Go back to primary school and start with the primary colours (red, blue, yellow) and mix them to find secondary colours and then keep mixing to create the colours you need. If you find you are using a lot of a particular colour, then it may be worth investing in that shade for your soap making. But for beginners, playing with the three primary colours will save you money and give you a lot of fun.
When it comes to fragrance, you can use essential oils, as long as they are skin-safe (not all are suitable, check the bottle label). The fragrance from essential oils doesn't last long, that's fine if you don't want the fragrance to last. And you will need to use more. Fragrance oils work very well in soaps. They last longer due to the formulation and you don’t need to use as much.
A thermometer that clips to the side of your dish is ideal. It keeps it out of the way, and you can easily keep an eye on the temperature of the base as it melts. It's not absolutely essential to have a thermometer, but it certainly ensures you get an accurate temperature for your soap.
I have bought most of my moulds from op shops for $1 or $2 each. The most I've paid for a mould was $3 for the Christmas tree mould. Look at stores like The Reject Shop too, they often have cute shapes in silicone cake moulds for just a couple of dollars. But you can use anything as long as you can get the hardened soap out. For the Gardener's Soap bars I use an old aluminium bar cake tin, lined with clingwrap. Cardboard cartons, paper boxes, acetate shapes can all be used as moulds for your melt and pour soaps.
Where to buy melt and pour base
Little Green Workshops
This is a local (almost!) to me company. They are Victorian based, and a family owned and run business.
Little Green Workshops has a large range of all soap making supplies but they also have an excellent range of kits, aimed at the beginner to the more experienced soap maker.

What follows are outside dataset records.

lemma I7_row_L12_meets_pair:
  assumes "w \<in> {1..4*l+2}" "x \<in> O1 l"
  shows "x \<in> I7_row l w \<or> x + (2*l+1) \<in> I7_row l w"
  using Bset_I7_L12_pair[OF assms] assms(2) by (auto simp: Bset_def)

lemma I7_L12_cover:
  assumes "i \<in> {1..4*l+2}" "w \<in> {1..4*l+2}" "i \<noteq> w"
  shows "i \<in> I7 l w \<or> (\<exists>u\<in>L3 l. i \<in> I7 l u \<and> I7 l u - {i} \<subseteq> I7_row l w)"
proof (cases "i \<in> I7 l w")
  case False
  then have "i \<in> O1 l \<union> E2 l"
    using I7_L12_mem[OF assms] by blast
  then obtain x where x: "x \<in> O1 l" "i \<in> {x, x + (2*l+1)}"
    by (rule O1_E2_pairE)
  obtain u where u: "u \<in> L3 l" "pair_low l u = x"
    using pair_lowE[OF x(1)] .
  have Iu: "I7 l u = {x, x + (2*l+1)}"
    using I7_L3[OF u(1)] u(2) by simp
  have "I7 l u - {i} \<subseteq> I7_row l w"
    using I7_row_L12_meets_pair[OF assms(2) x(1)] x(2) False assms(3) unfolding Iu by blast
  then show ?thesis
    using Iu u(1) x(2) by blast
qed simp

definition pick :: "nat \<Rightarrow> nat \<Rightarrow> nat \<Rightarrow> nat" where
  "pick l i u = (if pair_low l u \<in> B7 l i then pair_low l u else pair_low l u + (2*l+1))"

lemma pick_in_I7: "u \<in> L3 l \<Longrightarrow> pick l i u \<in> I7 l u"
  by (simp add: pick_def I7_L3)

lemma inj_on_pick: "inj_on (pick l i) (L3 l)"
  by (rule inj_onI) (auto simp: pick_def split: if_splits)

lemma pick_in_Bset:
  assumes "u \<in> L3 l" "i \<in> {1..5*l+3}" "i \<noteq> u"
  shows "pick l i u \<in> B7 l i"
proof (cases "i \<in> L3 l")
  case True
  then have "pair_low l u \<in> B7 l i"
    using assms by (auto simp: Bset_def I7_L3)
  then show ?thesis by (simp add: pick_def)
next
  case False
  then have "i \<in> {1..4*l+2}" using assms(2) by auto
  then show ?thesis
    using Bset_I7_L12_pair[OF _ pair_low_in_O1[OF assms(1)]] by (auto simp: pick_def)
qed

lemma Bset_I7_L12_subset_pick:
  assumes "i \<in> {1..4*l+2}"
  shows "B7 l i \<subseteq> pick l i ` L3 l"
proof
  fix y assume y: "y \<in> B7 l i"
  then have "y \<in> O1 l \<union> E2 l"
    using Bset_I7_L12_subset[OF assms] by blast
  then obtain x where x: "x \<in> O1 l" "y \<in> {x, x + (2*l+1)}"
    by (rule O1_E2_pairE)
  obtain u where u: "u \<in> L3 l" "pair_low l u = x"
    using pair_lowE[OF x(1)] .
  have "pick l i u = y"
    using Bset_I7_L12_pair[OF assms x(1)] x(2) y u(2) by (auto simp: pick_def)
  then show "y \<in> pick l i ` L3 l" using u(1) by blast
qed

lemma card_Bset_I7_L12:
  assumes "i \<in> {1..4*l+2}"
  shows "card (B7 l i) \<le> l + 1"
proof -
  have "card (B7 l i) \<le> card (pick l i ` L3 l)"
    by (rule card_mono[OF _ Bset_I7_L12_subset_pick[OF assms]]) simp
  also have "\<dots> \<le> card (L3 l)" by (rule card_image_le) simp
  finally show ?thesis by simp
qed

definition I7_state :: "nat \<Rightarrow> nat list \<Rightarrow> nat set \<times> nat set list" where
  "I7_state l ws = ({1..5*l+3} - set ws, map (I7_row l) ws)"

lemma pick_matching:
  assumes "distinct ws" "set ws \<subseteq> L3 l" "i \<in> {1..5*l+3}" "i \<notin> set ws"
  shows "inj_on (\<lambda>r. pick l i (ws ! r)) {..<length ws}"
    and "\<And>r. r < length ws \<Longrightarrow> pick l i (ws ! r) \<in> B7 l i \<inter> map (I7_row l) ws ! r"
proof -
  have ws_L3: "ws ! r \<in> L3 l" if "r < length ws" for r
    using assms(2) nth_mem that by blast
  show "inj_on (\<lambda>r. pick l i (ws ! r)) {..<length ws}"
  proof (rule inj_onI)
    fix r r' assume r: "r \<in> {..<length ws}" "r' \<in> {..<length ws}" "pick l i (ws ! r) = pick l i (ws ! r')"
    then have "ws ! r = ws ! r'"
      using inj_onD[OF inj_on_pick] ws_L3 by simp
    then show "r = r'" using r assms(1) nth_eq_iff_index_eq by auto
  qed
  fix r assume r: "r < length ws"
  have "ws ! r \<noteq> i" using r assms(4) nth_mem by blast
  then show "pick l i (ws ! r) \<in> B7 l i \<inter> map (I7_row l) ws ! r"
    using pick_in_Bset[OF ws_L3[OF r] assms(3)] pick_in_I7[OF ws_L3[OF r]] r by simp
qed

lemma survivors_I7_L3:
  assumes "distinct ws" "set ws \<subseteq> L3 l"
  shows "survivors (5*l+3) (I7 l) (map (I7_row l) ws) ({1..5*l+3} - set ws)
    = {1..5*l+3} - set ws"
proof -
  have "mcm (map (I7_row l) ws) (insert i (B7 l i))
      \<noteq> mcm (map (I7_row l) ws) (B7 l i) + 1"
    if "i \<in> {1..5*l+3} - set ws" for i
    using that pick_matching[OF assms, of i] by (intro mcm_insert_ne_Suc) auto
  then show ?thesis by (auto simp: survivors_def)
qed
(* Let $|\Psi\rangle=|\Psi'\rangle\otimes|\Phi\rangle$, where $|\Psi'\rangle$ and $|\Phi\rangle$ are $M$-party stabilizer states (each party $\alpha$ holding some qubits of each), and suppose the stabilizer group $S_\Phi$ of $|\Phi\rangle$ satisfies $S_\Phi=\sum_{\alpha\in M}(S_\Phi)_{\hat\alpha}$. Then $\Gamma(\Psi)=\{\rho'\otimes|\Phi\rangle\langle\Phi|:\ \rho'\in\Gamma(\Psi')\}$.
   Context: Let $G^n\cong\mathbb{F}_2^{2n}$, with elements $f=(a_1,b_1,\dots,a_n,b_n)$; $\sigma_{00}=I,\sigma_{10}=\sigma^x,\sigma_{01}=\sigma^z,\sigma_{11}=\sigma^y$, $\sigma(f)=\sigma_{a_1b_1}\otimes\cdots\otimes\sigma_{a_nb_n}$; symplectic form $\omega(f,f')=\sum_j(a_jb_j'+b_ja_j')\bmod 2$. A stabilizer state with stabilizer group $S$ ($S$ self-dual, i.e. $S=\{f:\omega(f,g)=0\ \forall g\in S\}$) is the unique up-to-phase unit vector with $\sigma(f)|\Psi\rangle=\epsilon(f)|\Psi\rangle$ for all $f\in S$ for fixed consistent signs. In the $M$-party setting, party $\alpha$ holds $n_\alpha$ qubits; $f_\alpha$ is the restriction of $f$ to party $\alpha$'s qubits; co-local subgroup $S_{\hat\alpha}=\{g\in S:g_\alpha=0\}$. For an $M$-party pure state $|\Psi\rangle$, $\Gamma(\Psi)$ is the set of density operators $\rho$ on the same qubits with $\mathrm{Tr}_\alpha\rho=\mathrm{Tr}_\alpha|\Psi\rangle\langle\Psi|$ for all $\alpha\in M$, $\mathrm{Tr}_\alpha$ being the partial trace over all qubits of party $\alpha$. *)

theory Defs
  imports Complex_Main "HOL-Library.Z2"
begin
lemma deg_pos:
  assumes x: "x \<in> V"
  shows "0 < deg V E x"
proof -
  obtain u v where uv: "E u v" using has_edge by blast
  have "\<exists>z. E x z"
  proof (cases "x = u")
    case False
    have "E\<^sup>*\<^sup>* x u" using connected x edge_in_V[OF uv] unfolding connected_graph_def by blast
    then show ?thesis using False by (metis converse_rtranclpE)
  qed (use uv in blast)
  then obtain z where "z \<in> {y\<in>V. E x y}" using edge_in_V by blast
  then show ?thesis
    unfolding deg_def using finite_V by (auto simp: card_gt_0_iff)
qed

lemma deg_le_max_deg: "x \<in> V \<Longrightarrow> deg V E x \<le> max_deg V E"
  unfolding max_deg_def using finite_V by simp

lemma max_deg_pos: "0 < max_deg V E"
  using V_nonempty deg_pos deg_le_max_deg by (meson ex_in_conv order_less_le_trans)

lemma gdist_walk: "x \<in> V \<Longrightarrow> y \<in> V \<Longrightarrow> (E ^^ gdist E x y) x y"
  using connected unfolding connected_graph_def gdist_def
  by (metis LeastI rtranclp_imp_relpowp)

lemma gdist_le_diameter: "x \<in> V \<Longrightarrow> y \<in> V \<Longrightarrow> gdist E x y \<le> diameter V E"
proof -
  have "{gdist E x y | x y. x \<in> V \<and> y \<in> V} = (\<lambda>(x, y). gdist E x y) ` (V \<times> V)"
    by auto
  then have "finite {gdist E x y | x y. x \<in> V \<and> y \<in> V}"
    using finite_V by simp
  then show "x \<in> V \<Longrightarrow> y \<in> V \<Longrightarrow> gdist E x y \<le> diameter V E"
    unfolding diameter_def by (intro Max_ge) auto
qed

lemma diameter_pos: "0 < diameter V E"
proof -
  obtain u v where uv: "E u v" using has_edge by blast
  then have "gdist E u v \<noteq> 0"
    using gdist_walk[of u v] edge_in_V edge_irrefl by (metis relpowp_0_E)
  then show ?thesis
    using gdist_le_diameter edge_in_V[OF uv] by (metis bot_nat_0.not_eq_extremum le_zero_eq)
qed

lemma ex_max_edge:
  fixes \<phi> :: "nat \<Rightarrow> nat \<Rightarrow> real"
  obtains a b where "E a b" "\<And>u v. E u v \<Longrightarrow> \<phi> u v \<le> \<phi> a b"
proof -
  have "{(u, v). E u v} \<subseteq> V \<times> V" using edge_in_V by auto
  then have "finite {(u, v). E u v}" using finite_V by (meson finite_SigmaI finite_subset)
  moreover have "{(u, v). E u v} \<noteq> {}" using has_edge by auto
  ultimately obtain p where "p \<in> {(u, v). E u v}"
    and "\<And>q. q \<in> {(u, v). E u v} \<Longrightarrow> case_prod \<phi> q \<le> case_prod \<phi> p"
    using ex_max_on_finite by blast
  then show ?thesis using that by (cases p) auto
qed
definition separator :: "'a set \<Rightarrow> ('a \<times> 'a) set \<Rightarrow> 'a set \<Rightarrow> 'a set \<Rightarrow> 'a set \<Rightarrow> bool" where
  "separator V E A B C \<longleftrightarrow> C \<subseteq> V \<and> C \<inter> (A \<union> B) = {} \<and>
     \<not> (\<exists>p. dpath (V - C) (induced_arcs E (V - C)) p \<and> hd p \<in> A \<and> last p \<in> B)"

definition min_separator :: "'a set \<Rightarrow> ('a \<times> 'a) set \<Rightarrow> 'a set \<Rightarrow> 'a set \<Rightarrow> 'a set \<Rightarrow> bool" where
  "min_separator V E A B C \<longleftrightarrow> separator V E A B C \<and>
     (\<forall>C'. separator V E A B C' \<longrightarrow> card C \<le> card C')"

definition reach_set :: "'a set \<Rightarrow> ('a \<times> 'a) set \<Rightarrow> 'a set \<Rightarrow> 'a set \<Rightarrow> 'a set" where
  "reach_set V E A Y = {v. \<exists>a\<in>A. reaches (V - Y) (induced_arcs E (V - Y)) a v}"

end

theory Submission
  imports Defs
begin

(* The new solution is X' = (X - Q) \<union> N^+(Q). As R = R_D(S_1, X) avoids N^+(Q), it stays
   inside Q; hence N^+(R) is an S_1-(W - S_1) separator contained in X \<inter> (Q \<union> N^+(Q)), and
   minimality of N^+(Q) gives |X'| \<le> |X|. A path between two parts of S meeting X inside Q
   has to leave Q, so it meets N^+(Q). A strong component of D - X' meeting Q cannot leave Q,
   so it lies in the H-free digraph D[Q]; one avoiding Q avoids X, so it lies in a strong
   component of D - X. *)

lemma induced_arcs_induced_arcs [simp]:
  "induced_arcs (induced_arcs E A) B = induced_arcs E (A \<inter> B)"
  unfolding induced_arcs_def by blast

lemma reaches_induced_arcs_self [simp]: "reaches U (induced_arcs E U) = reaches U E"
  unfolding reaches_def by (simp add: fun_eq_iff)

lemma strong_component_induced_arcs_self [simp]:
  "strong_component U (induced_arcs E U) = strong_component U E"
  unfolding strong_component_def by (simp add: fun_eq_iff)

lemma reach_set_iff: "v \<in> reach_set V E A Y \<longleftrightarrow> (\<exists>a\<in>A. reaches (V - Y) E a v)"
  unfolding reach_set_def by simp

lemma reaches_refl: "u \<in> V \<Longrightarrow> reaches V E u u"
  unfolding reaches_def by simp

lemma reaches_memD:
  assumes "reaches V E u v"
  shows "u \<in> V" "v \<in> V"
  using assms unfolding reaches_def by simp_all

lemma reaches_trans: "reaches V E u v \<Longrightarrow> reaches V E v w \<Longrightarrow> reaches V E u w"
  unfolding reaches_def by (meson rtrancl_trans)

lemma reaches_step:
  "reaches V E u v \<Longrightarrow> (v, w) \<in> E \<Longrightarrow> w \<in> V \<Longrightarrow> reaches V E u w"
  unfolding reaches_def induced_arcs_def by (blast intro: rtrancl_into_rtrancl)

lemma reaches_arc: "u \<in> V \<Longrightarrow> (u, v) \<in> E \<Longrightarrow> v \<in> V \<Longrightarrow> reaches V E u v"
  by (rule reaches_step[OF reaches_refl])

lemma reaches_induct [consumes 1, case_names refl step]:
  assumes "reaches V E u v"
    and "P u"
    and "\<And>y z. reaches V E u y \<Longrightarrow> (y, z) \<in> E \<Longrightarrow> z \<in> V \<Longrightarrow> P y \<Longrightarrow> P z"
  shows "P v"
proof -
  have "u \<in> V" and walk: "(u, v) \<in> (induced_arcs E V)\<^sup>*"
    using assms(1) unfolding reaches_def by simp_all
  from walk show ?thesis
  proof (induction rule: rtrancl_induct)
    case base
    show ?case by (rule assms(2))
  next
    case (step y z)
    then have "reaches V E u y" and "(y, z) \<in> E" and "z \<in> V"
      using \<open>u \<in> V\<close> unfolding reaches_def induced_arcs_def by auto
    then show ?case using step.IH assms(3) by blast
  qed
qed

lemma reaches_mono:
  assumes "reaches U E u v" "U \<subseteq> U'"
  shows "reaches U' E u v"
  using assms(1)
proof (induction rule: reaches_induct)
  case refl
  show ?case using reaches_memD(1)[OF assms(1)] assms(2) by (simp add: reaches_refl subsetD)
next
  case (step y z)
  then show ?case using assms(2) reaches_step[of U' E u y z] by blast
qed

lemma reaches_leaves_set:
  assumes "reaches U E u v" "u \<in> Q" "v \<notin> Q" "U \<subseteq> V"
  shows "\<exists>z \<in> out_nbrs V E Q \<inter> U. reaches U E u z"
  using assms(1,3)
proof (induction rule: reaches_induct)
  case refl
  then show ?case using assms(2) by simp
next
  case (step y z)
  show ?case
  proof (cases "y \<in> Q")
    case True
    have "z \<in> out_nbrs V E Q"
      using True step.hyps(2,3) step.prems assms(4) unfolding out_nbrs_def by blast
    moreover have "reaches U E u z" using step.hyps(1-3) by (rule reaches_step)
    ultimately show ?thesis using step.hyps(3) by blast
  next
    case False
    then show ?thesis using step.IH by blast
  qed
qed

lemma list_leaves_set:
  assumes "x \<in> set xs" "x \<in> Q" "last xs \<notin> Q"
  shows "\<exists>i. Suc i < length xs \<and> xs ! i \<in> Q \<and> xs ! Suc i \<notin> Q"
proof -
  define I where "I = {i. i < length xs \<and> xs ! i \<in> Q}"
  have "I \<noteq> {}" using assms(1,2) unfolding I_def by (auto simp: in_set_conv_nth)
  moreover have "finite I" unfolding I_def by simp
  ultimately have m: "Max I \<in> I" and maximal: "\<And>i. i \<in> I \<Longrightarrow> i \<le> Max I" by simp_all
  have "xs \<noteq> []" using assms(1) by auto
  then have "Max I \<noteq> length xs - 1" using m assms(3) unfolding I_def by (auto simp: last_conv_nth)
  moreover have "Max I < length xs" using m unfolding I_def by simp
  ultimately have "Suc (Max I) < length xs" by linarith
  moreover have "Suc (Max I) \<notin> I" using maximal by fastforce
  ultimately show ?thesis using m unfolding I_def by blast
qed

lemma dpath_mono: "dpath U F p \<Longrightarrow> U \<subseteq> V \<Longrightarrow> F \<subseteq> E \<Longrightarrow> dpath V E p"
  unfolding dpath_def by blast

lemma dpath_leaves_set:
  assumes "dpath V E p" "x \<in> set p" "x \<in> Q" "last p \<notin> Q"
  shows "set p \<inter> out_nbrs V E Q \<noteq> {}"
proof -
  obtain i where i: "Suc i < length p" "p ! i \<in> Q" "p ! Suc i \<notin> Q"
    using list_leaves_set[OF assms(2-4)] by blast
  then have "p ! Suc i \<in> set p" and "(p ! i, p ! Suc i) \<in> E"
    using assms(1) unfolding dpath_def by auto
  then have "p ! Suc i \<in> set p \<inter> out_nbrs V E Q"
    using i assms(1) unfolding dpath_def out_nbrs_def by auto
  then show ?thesis by blast
qed

lemma strong_componentD:
  assumes "strong_component U E C"
  shows "C \<noteq> {}" "C \<subseteq> U" "\<And>u v. u \<in> C \<Longrightarrow> v \<in> C \<Longrightarrow> reaches U E u v"
    "\<And>w u. w \<in> U \<Longrightarrow> u \<in> C \<Longrightarrow> reaches U E u w \<Longrightarrow> reaches U E w u \<Longrightarrow> w \<in> C"
  using assms unfolding strong_component_def by (simp_all, blast+)

lemma strong_component_walk_closed:
  assumes C: "strong_component U E C" and "u \<in> C" "v \<in> C"
    and "reaches U E u x" "reaches U E x v"
  shows "x \<in> C"
proof (rule strong_componentD(4)[OF C _ \<open>u \<in> C\<close> \<open>reaches U E u x\<close>])
  show "x \<in> U" using assms(4) by (rule reaches_memD)
  show "reaches U E x u"
    using assms(5) strong_componentD(3)[OF C \<open>v \<in> C\<close> \<open>u \<in> C\<close>] by (rule reaches_trans)
qed

lemma strong_component_reaches_within:
  assumes C: "strong_component U E C" and u: "u \<in> C" and v: "v \<in> C"
  shows "reaches C E u v"
proof -
  have uv: "reaches U E u v" using strong_componentD(3)[OF C u v] .
  have "reaches U E x v \<longrightarrow> reaches C E u x" if "reaches U E u x" for x
    using that
  proof (induction rule: reaches_induct)
    case refl
    show ?case using u by (simp add: reaches_refl)
  next
    case (step y z)
    show ?case
    proof
      assume zv: "reaches U E z v"
      have "y \<in> U" using step.hyps(1) by (rule reaches_memD)
      then have "reaches U E y v" using step.hyps(2,3) zv by (blast intro: reaches_arc reaches_trans)
      then have uy: "reaches C E u y" using step.IH by simp
      have "z \<in> C"
        using strong_component_walk_closed[OF C u v reaches_step[OF step.hyps] zv] .
      with uy step.hyps(2) show "reaches C E u z" by (rule reaches_step)
    qed
  qed
  then show ?thesis using uv reaches_refl[OF reaches_memD(2)[OF uv]] by blast
qed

The kits are ideal, coming with everything you need to make your soap, including the moulds, colours and fragrances and a detailed instruction booklet and a wonderful chart showing how to mix the primary colours to create secondary and tertiary colours.
Aussie Soap Supplies
Based in Western Australia, this company also sells the melt and pour base, and a limited range of kits. The kits are aimed more at the experienced melt and pour soap maker. They also come with detailed instructions on how to create the soaps.
Where to buy Isopropyl alcohol
Most chemists/pharmacies stock it, and some supermarkets (in the health and beauty aisle). It's not expensive and a bottle will last for ages, I've had the same bottle for about 5 years. It can also be used in the laundry as a stain lifter and for cleaning and sanitising around the house (it's especially good for sanitising plastic cutting boards).